Incremental updating or user-editing of files is another feature that would have been hard to implement in PostScript. A user working on a massive document shouldn't have to wait for the entire file to be rewritten each time changes to the document are made (as is commonly done with PostScript). PDF allows modifications to be appended to a file, leaving the original data intact. This means changes can be made in a time proportional to the size of the change rather than the size of the file. It also means previous versions of the file are still available, and an infinite-Undo facility is possible.

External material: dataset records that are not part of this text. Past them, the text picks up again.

lemma rlp_delta1_patched_lift:
  assumes rlp: "rlp_rB (\<lambda>n _. delta 1 n ()) (Mr_image r A B m) (prod_psh Ipsh B) (\<lambda>n x. x) Y X f"
    and A: "is_psh A" and r: "is_nat B Ipsh r" and m: "is_mono A B m"
    and uI: "is_nat (prod_psh Ipsh A) Y uI" and v: "is_nat (prod_psh Ipsh B) X v"
    and fI: "\<And>n i a. i \<in> hom n 1 \<Longrightarrow> a \<in> psh_obj A n \<Longrightarrow> f n (uI n (i, a)) = v n (i, m n a)"
    and h: "is_nat (prod_psh Ipsh B) Y h"
    and h_m: "\<And>n i a. i \<in> hom n 1 \<Longrightarrow> a \<in> psh_obj A n \<Longrightarrow> h n (i, m n a) = uI n (Ijoin n i (r n (m n a)), a)"
    and h_f: "\<And>n i b. i \<in> hom n 1 \<Longrightarrow> b \<in> psh_obj B n \<Longrightarrow> f n (h n (i, b)) = v n (Ijoin n i (r n b), b)"
  obtains k where "is_nat (prod_psh Ipsh B) Y k"
    and "\<And>n b. b \<in> psh_obj B n \<Longrightarrow> k n (r n b, b) = h n (delta 0 n (), b)"
    and "\<And>n i a. i \<in> hom n 1 \<Longrightarrow> a \<in> psh_obj A n \<Longrightarrow> k n (i, m n a) = uI n (i, a)"
    and "\<And>n i b. i \<in> hom n 1 \<Longrightarrow> b \<in> psh_obj B n \<Longrightarrow> f n (k n (i, b)) = v n (i, b)"
proof -
  have m_nat: "is_nat A B m" and m_inj: "\<And>n. inj_on (m n) (psh_obj A n)"
    using m by (auto simp: is_mono_def)
  have rB: "r n b \<in> hom n 1" if "b \<in> psh_obj B n" for n b
    using is_nat_in_obj[OF r that] by simp
  have patch_graph: "Mr_patch A m h uI n (z, r n b, b) = h n (z, b)" if "z \<in> hom n 1" for n z b
    by (rule Mr_patch_graph[OF m _ that]) (fact h_m)
  have patch_delta1: "Mr_patch A m h uI n (delta 1 n (), i, b) = h n (delta 1 n (), b)"
    if "(i, b) \<in> psh_obj (Mr_image r A B m) n" for n i b
    by (rule Mr_patch_delta1[OF r m _ that]) (fact h_m)
  have f_patch: "f n (Mr_patch A m h uI n (z, i, b)) = v n (Ijoin n z i, b)"
    if "z \<in> hom n 1" and "(i, b) \<in> psh_obj (Mr_image r A B m) n" for n z i b
    by (rule f_Mr_patch[OF m _ _ _ that]) (fact fI h_m h_f)+
  have top: "is_nat (prod_psh Ipsh B) Y (\<lambda>n p. h n (delta 1 n (), snd p))"
    by (rule is_nat_comp[OF is_nat_Pair[OF is_nat_delta is_nat_snd] h])
  have base: "is_nat (prod_psh Ipsh (prod_psh Ipsh B)) X (\<lambda>n p. v n (Ijoin n (fst p) (fst (snd p)), snd (snd p)))"
    by (rule is_nat_comp[OF is_nat_Ijoin_prod v])
  obtain H where H: "is_nat (prod_psh Ipsh (prod_psh Ipsh B)) Y H"
    and H_patch: "\<And>n z s. z \<in> hom n 1 \<Longrightarrow> s \<in> psh_obj (Mr_image r A B m) n \<Longrightarrow>
      H n (z, s) = Mr_patch A m h uI n (z, s)"
    and H_f: "\<And>n z p. z \<in> hom n 1 \<Longrightarrow> p \<in> psh_obj (prod_psh Ipsh B) n \<Longrightarrow>
      f n (H n (z, p)) = v n (Ijoin n z (fst p), snd p)"
    by (rule rlp_rBE[OF rlp top is_nat_Mr_patch[OF A r m h uI h_m] base])
      (use patch_delta1 f_patch in \<open>auto simp: h_f delta_in_hom Ijoin_delta1 rB\<close>)
  show ?thesis
  proof (rule that)
    show "is_nat (prod_psh Ipsh B) Y (\<lambda>n p. H n (delta 0 n (), p))"
      by (rule is_nat_comp[OF is_nat_Pair[OF is_nat_delta is_nat_id] H])
    show "H n (delta 0 n (), r n b, b) = h n (delta 0 n (), b)" if "b \<in> psh_obj B n" for n b
      using that H_patch[OF delta_in_hom] rB patch_graph[OF delta_in_hom]
      by (simp add: psh_obj_Mr_image)
    show "H n (delta 0 n (), i, m n a) = uI n (i, a)" if "i \<in> hom n 1" and "a \<in> psh_obj A n" for n i a
    proof -
      have "(i, m n a) \<in> psh_obj (Mr_image r A B m) n"
        using that is_nat_in_obj[OF m_nat] by (auto simp: psh_obj_Mr_image)
      then show ?thesis
        using that H_patch[OF delta_in_hom] by (simp add: Mr_patch_image m_inj Ijoin_delta0)
    qed
    show "f n (H n (delta 0 n (), i, b)) = v n (i, b)" if "i \<in> hom n 1" and "b \<in> psh_obj B n" for n i b
      using that H_f delta_in_hom by (simp add: Ijoin_delta0)
  qed
qed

Further differences between PDF and PostScript include the following:

  • PDF files always include sufficient font metrics to ensure viewing fidelity.
  • PDF files may contain hypertext links and other objects intended for user interactivity.
  • PDF is extensible, yet designed in such a way that viewer programs that only understand earlier versions of the format will not break when they encounter unfamiliar features. (The PDF specification goes into detail on how viewer programs should behave under a variety of non-standard conditions.)

PDF File Structure

A canonical PDF file is organized into four major parts (see Figure 2): a one-line header, a body, a cross-reference table, and a trailer.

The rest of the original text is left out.